1–4 may be enhanced by bouncing with the leg opposite to the kicking side.

==International letkajenkka songs==
The music genre became popular, and many composers around the world started writing letkis music. Examples of non-Finnish letkis music include "La Yenka" (performed by Johnny & Charley Kurt, 1965), the Kessler Twins' Lasciati Baciare Col Letkis, "Leaf Fall" (Листопад) by David Tukhmanov and Ploem Ploem Jenka by Pieter Goemans. Lehtinen's Letkis was translated and covered in Japanese as Retto Kisu (Jenka) / レット・キス（ジェンカ）, performed by Kyu Sakamoto.

==Original Finnish songs==
In Finland, the most well-known letkajenkka songs include

- Letkajenkka by Erik Lindström
- Letkis by Rauno Lehtinen
- Doin' the Jenka (trad.)
- At the Jenka Show by Georg Malmstén
- Helsinki-letkis by Toivo Kärki
- Minne tuuli kuljettaa by Toivo Kärki
- Puhelinlangat laulaa

==In popular culture==
The movie Jamboree66 (Sampaguita Pictures, Philippines, 1966, directed by Luciano B. Carlos) features a scene where the song "Letkis" is being played at a club.

There are at least two Letkajenkkas by Mimis Plessas that appear in the Greek movie Mia Trelli, Trelli Oikogeneia (Crazy, crazy family) that is directed by Dinos Dimopoulos. There is a scene with people dancing around the pool. The steps are not strictly jenkka, but the music is in the style of letkis. In another scene, Katerina Gogou and Alekos Tzanetakos are dancing a letkajenkka variation as a couple to letkis music.
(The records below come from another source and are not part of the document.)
(* In the setting and construction described in the context, with $M_{s,t}=(1+R(4,R(4,s)))^{t-2}$: (1) $|S_{t-1}|\le M_{s,t}$ (a constant depending only on $s$ and $t$); (2) $V\setminus(S_{t-1}\cup N(S_{t-1}))=\emptyset$, i.e. $S_{t-1}$ is a dominating set of $G$.
   Context: All graphs are finite and simple. $P_t$ is the path on $t$ vertices; $K_4$ is the complete graph on $4$ vertices; $SDK_s$ is the one-subdivision of $K_{1,s}$ (replace each edge $uv$ of the star $K_{1,s}$ by a path $u w v$ through a new vertex $w$). A graph is $\mathcal{H}$-free if it has no induced subgraph isomorphic to a member of $\mathcal{H}$. $R(k,l)$ denotes the Ramsey number: the least integer such that every graph on at least $R(k,l)$ vertices contains a clique on $k$ vertices or a stable set on $l$ vertices. For $X\subseteq V$, $N(X)=\bigcup_{v\in X}N(v)$. A set $D\subseteq V$ is dominating if every vertex outside $D$ has a neighbor in $D$. Setting: $s,t$ are positive integers with $t\ge 2$, and $G=(V,E)$ is a connected $(P_t,SDK_s,K_4)$-free graph. Fix a vertex $a\in V$, and set $S_1=\{a\}$. For $i=1,2,\dots,t-2$ define $S_{i+1}$ as follows: let $B_i=N(S_i)$ and $W_i=V\setminus(B_i\cup S_i)$; enumerate $S_i=\{v_1,\dots,v_{|S_i|}\}$ and for $j=1,\dots,|S_i|$ let $B_i^j=\{v\in B_i\setminus\bigcup_{k<j}B_i^k : v\text{ is adjacent to }v_j\}$ (so $B_i=\bigcup_j B_i^j$); for each $j$ let $X_i^j\subseteq B_i^j$ be an inclusion-minimal set such that every $w\in W_i$ with $N(w)\cap B_i^j\neq\emptyset$ satisfies $N(w)\cap X_i^j\ne\emptyset$; let $X_i=\bigcup_j X_i^j$ and $S_{i+1}=S_i\cup X_i$. The choices of enumeration and of minimal sets are arbitrary. *)

theory Defs
  imports Main
begin

definition simple_graph :: "'a set \<Rightarrow> ('a \<Rightarrow> 'a \<Rightarrow> bool) \<Rightarrow> bool" where
  "simple_graph V E \<longleftrightarrow> finite V \<and> (\<forall>x y. E x y \<longrightarrow> E y x) \<and> (\<forall>x. \<not> E x x)
     \<and> (\<forall>x y. E x y \<longrightarrow> x \<in> V \<and> y \<in> V)"

definition connected_graph :: "'a set \<Rightarrow> ('a \<Rightarrow> 'a \<Rightarrow> bool) \<Rightarrow> bool" where
  "connected_graph V E \<longleftrightarrow> V \<noteq> {} \<and> (\<forall>x\<in>V. \<forall>y\<in>V. (\<lambda>u v. E u v \<and> u \<in> V \<and> v \<in> V)\<^sup>*\<^sup>* x y)"

definition has_induced :: "'a set \<Rightarrow> ('a \<Rightarrow> 'a \<Rightarrow> bool) \<Rightarrow> nat \<Rightarrow> (nat \<Rightarrow> nat \<Rightarrow> bool) \<Rightarrow> bool" where
  "has_induced V E n H \<longleftrightarrow> (\<exists>f. inj_on f {0..<n} \<and> f ` {0..<n} \<subseteq> V \<and>
      (\<forall>i<n. \<forall>j<n. i \<noteq> j \<longrightarrow> (E (f i) (f j) \<longleftrightarrow> H i j)))"

definition path_graph :: "nat \<Rightarrow> nat \<Rightarrow> bool" where
  "path_graph i j \<longleftrightarrow> i = Suc j \<or> j = Suc i"

definition complete_graph :: "nat \<Rightarrow> nat \<Rightarrow> bool" where
  "complete_graph i j \<longleftrightarrow> i \<noteq> j"

text \<open>SDK_s on 2s+1 vertices: centre 0, subdivision vertices 1..s, leaves s+1..2s;
  edges 0--i and i--(i+s) for 1 \<le> i \<le> s.\<close>
definition sdk_graph :: "nat \<Rightarrow> nat \<Rightarrow> nat \<Rightarrow> bool" where
  "sdk_graph s i j \<longleftrightarrow>
     (i = 0 \<and> 1 \<le> j \<and> j \<le> s) \<or> (j = 0 \<and> 1 \<le> i \<and> i \<le> s) \<or>
     (1 \<le> i \<and> i \<le> s \<and> j = i + s) \<or> (1 \<le> j \<and> j \<le> s \<and> i = j + s)"

definition P_SDK_K4_free :: "nat \<Rightarrow> nat \<Rightarrow> 'a set \<Rightarrow> ('a \<Rightarrow> 'a \<Rightarrow> bool) \<Rightarrow> bool" where
  "P_SDK_K4_free s t V E \<longleftrightarrow>
     \<not> has_induced V E t path_graph \<and> \<not> has_induced V E (2 * s + 1) (sdk_graph s)
     \<and> \<not> has_induced V E 4 complete_graph"

definition ramsey_prop :: "nat \<Rightarrow> nat \<Rightarrow> nat \<Rightarrow> bool" where
  "ramsey_prop k l n \<longleftrightarrow> (\<forall>m\<ge>n. \<forall>F :: nat \<Rightarrow> nat \<Rightarrow> bool.
      (\<forall>x y. F x y \<longrightarrow> F y x) \<and> (\<forall>x. \<not> F x x) \<longrightarrow>
      (\<exists>K\<subseteq>{0..<m}. card K = k \<and> (\<forall>x\<in>K. \<forall>y\<in>K. x \<noteq> y \<longrightarrow> F x y)) \<or>
      (\<exists>I\<subseteq>{0..<m}. card I = l \<and> (\<forall>x\<in>I. \<forall>y\<in>I. \<not> F x y)))"

definition ramsey :: "nat \<Rightarrow> nat \<Rightarrow> nat" where
  "ramsey k l = (LEAST n. ramsey_prop k l n)"

definition nbhd :: "('a \<Rightarrow> 'a \<Rightarrow> bool) \<Rightarrow> 'a set \<Rightarrow> 'a set" where
  "nbhd E X = {v. \<exists>x\<in>X. E x v}"

primrec blocks :: "('a \<Rightarrow> 'a \<Rightarrow> bool) \<Rightarrow> 'a set \<Rightarrow> 'a list \<Rightarrow> nat \<Rightarrow> 'a set list" where
  "blocks E B vs 0 = []"
| "blocks E B vs (Suc j) = blocks E B vs j @ [{v \<in> B - \<Union>(set (blocks E B vs j)). E v (vs ! j)}]"

definition covers :: "('a \<Rightarrow> 'a \<Rightarrow> bool) \<Rightarrow> 'a set \<Rightarrow> 'a set \<Rightarrow> 'a set \<Rightarrow> bool" where
  "covers E W Bj X \<longleftrightarrow> (\<forall>w\<in>W. (\<exists>b\<in>Bj. E w b) \<longrightarrow> (\<exists>x\<in>X. E w x))"

definition minimal_cover :: "('a \<Rightarrow> 'a \<Rightarrow> bool) \<Rightarrow> 'a set \<Rightarrow> 'a set \<Rightarrow> 'a set \<Rightarrow> bool" where
  "minimal_cover E W Bj X \<longleftrightarrow> X \<subseteq> Bj \<and> covers E W Bj X \<and>
     (\<forall>Y. Y \<subset> X \<longrightarrow> \<not> covers E W Bj Y)"

text \<open>One step S_i \<mapsto> S_{i+1} of the construction (with some enumeration and some
  choice of minimal sets).\<close>
definition constr_step :: "'a set \<Rightarrow> ('a \<Rightarrow> 'a \<Rightarrow> bool) \<Rightarrow> 'a set \<Rightarrow> 'a set \<Rightarrow> bool" where
  "constr_step V E Si Snext \<longleftrightarrow>
    (let B = nbhd E Si; W = V - (B \<union> Si) in
     \<exists>vs Xs. distinct vs \<and> set vs = Si \<and> length Xs = length vs \<and>
       (\<forall>j<length vs. minimal_cover E W (blocks E B vs (length vs) ! j) (Xs ! j)) \<and>
       Snext = Si \<union> \<Union>(set Xs))"

end

theory Submission
  imports Defs "HOL-Library.Ramsey"
begin

text \<open>
  Minimality of the cover chosen for a vertex \<open>v \<in> S\<^sub>i\<close> gives each of its elements a private
  neighbour outside \<open>S\<^sub>i \<union> N(S\<^sub>i)\<close>. Two applications of Ramsey's theorem in the
  \<open>K\<^sub>4\<close>-free graph extract \<open>s\<close> cover elements and their private neighbours, which together
  with \<open>v\<close> induce \<open>SDK\<^sub>s\<close>; hence each cover has fewer than \<open>R(4,R(4,s))\<close> elements and
  \<open>|S\<^sub>i\<^sub>+\<^sub>1| \<le> (1 + R(4,R(4,s))) |S\<^sub>i|\<close>.

  For domination, a vertex \<open>u\<close> outside \<open>S\<^sub>k \<union> N(S\<^sub>k)\<close> adjacent to \<open>y \<in> N(S\<^sub>k)\<close> is the end
  of an induced path \<open>q\<^sub>1 \<dots> q\<^sub>k y u\<close> with all \<open>q\<^sub>i \<in> S\<^sub>k\<close>: the covers at step \<open>k - 1\<close> force
  \<open>y\<close> to be adjacent only to the newest layer, and the path is built backwards layer by
  layer. A vertex not dominated by \<open>S\<^sub>t\<^sub>-\<^sub>1\<close> would, by connectivity, give an induced path
  on \<open>t + 1\<close> vertices.
\<close>

definition is_clique :: "('a \<Rightarrow> 'a \<Rightarrow> bool) \<Rightarrow> 'a set \<Rightarrow> bool" where
  "is_clique E K \<longleftrightarrow> (\<forall>x\<in>K. \<forall>y\<in>K. x \<noteq> y \<longrightarrow> E x y)"

definition is_stable :: "('a \<Rightarrow> 'a \<Rightarrow> bool) \<Rightarrow> 'a set \<Rightarrow> bool" where
  "is_stable E I \<longleftrightarrow> (\<forall>x\<in>I. \<forall>y\<in>I. x \<noteq> y \<longrightarrow> \<not> E x y)"

lemma simple_graph_sym: "simple_graph V E \<Longrightarrow> E x y \<Longrightarrow> E y x"
  and simple_graph_irrefl: "simple_graph V E \<Longrightarrow> \<not> E x x"
  and simple_graph_edge_in: "simple_graph V E \<Longrightarrow> E x y \<Longrightarrow> x \<in> V \<and> y \<in> V"
  and simple_graph_finite: "simple_graph V E \<Longrightarrow> finite V"
  unfolding simple_graph_def by blast+

lemma nbhd_subset: "simple_graph V E \<Longrightarrow> nbhd E X \<subseteq> V"
  unfolding nbhd_def by (auto dest: simple_graph_edge_in)

lemma nbhd_mono: "X \<subseteq> Y \<Longrightarrow> nbhd E X \<subseteq> nbhd E Y"
  unfolding nbhd_def by blast

lemma ramsey_prop_ramsey: "ramsey_prop k l (ramsey k l)"
proof -
  obtain r where r: "\<forall>(A::nat set) (F::nat set set). finite A \<and> r \<le> card A \<longrightarrow>
      (\<exists>R\<subseteq>A. card R = k \<and> clique R F \<or> card R = l \<and> indep R F)"
    using ramsey2[of k l] by blast
  have "ramsey_prop k l r"
    unfolding ramsey_prop_def
  proof (intro allI impI)
    fix m and F :: "nat \<Rightarrow> nat \<Rightarrow> bool"
    assume "r \<le> m" and F: "(\<forall>x y. F x y \<longrightarrow> F y x) \<and> (\<forall>x. \<not> F x x)"
    define edges where "edges = {{x, y} | x y. F x y}"
    have edge_iff: "{x, y} \<in> edges \<longleftrightarrow> F x y" for x y
      using F unfolding edges_def by (auto simp: doubleton_eq_iff)
    from r \<open>r \<le> m\<close> obtain R where "R \<subseteq> {0..<m}"
      and "card R = k \<and> clique R edges \<or> card R = l \<and> indep R edges"
      by (metis card_atLeastLessThan diff_zero finite_atLeastLessThan)
    then show "(\<exists>K\<subseteq>{0..<m}. card K = k \<and> (\<forall>x\<in>K. \<forall>y\<in>K. x \<noteq> y \<longrightarrow> F x y)) \<or>
        (\<exists>I\<subseteq>{0..<m}. card I = l \<and> (\<forall>x\<in>I. \<forall>y\<in>I. \<not> F x y))"
      using F unfolding clique_def indep_def edge_iff by metis
  qed
  then show ?thesis
    unfolding ramsey_def by (rule LeastI)
qed

lemma is_clique_image: "inj_on h K \<Longrightarrow> is_clique R (h ` K) \<longleftrightarrow> is_clique (\<lambda>x y. R (h x) (h y)) K"
  and is_stable_image: "inj_on h K \<Longrightarrow> is_stable R (h ` K) \<longleftrightarrow> is_stable (\<lambda>x y. R (h x) (h y)) K"
  unfolding is_clique_def is_stable_def inj_on_def by (simp_all add: ball_simps) metis+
The choreography is John Flery's.

In the Hungarian movie Patyolat akció (1965), Mari Törőcsik and Gyula Bodrogi perform letkajenkka. The dance also appears in the Polish film Małżeństwo z rozsądku from 1966 (en. Marriage of Convenience) and was later released in that version on cardboard record as Polski Let's Kiss (en. Polish Let's Kiss). Same tune is also used in Polish TV series Wojna Domowa airing 1965-66 of the same composer.

In the final scene of the Italian film Io la conoscevo bene (1965) directed by Antonio Pietrangeli, the protagonist Adriana (Stefania Sandrelli) plays the record of the version of Letkiss by Robert Delgado (Horst Wende).

In Cave Story, the side character Jenka is named after the letkajenkka dance, and letkajenkka, her theme tune, plays in her house and in the Labyrinth.

In 2015, on its 150th anniversary, the Finnish telecom company Nokia broke the world record of the letkajenkka line. 1393 persons in blue Nokia shirts stood in line forming the digits "150" when, in a surprise from the management, the music started to play. The previous record of 1354 dancers was held in Kokemäki in 1995.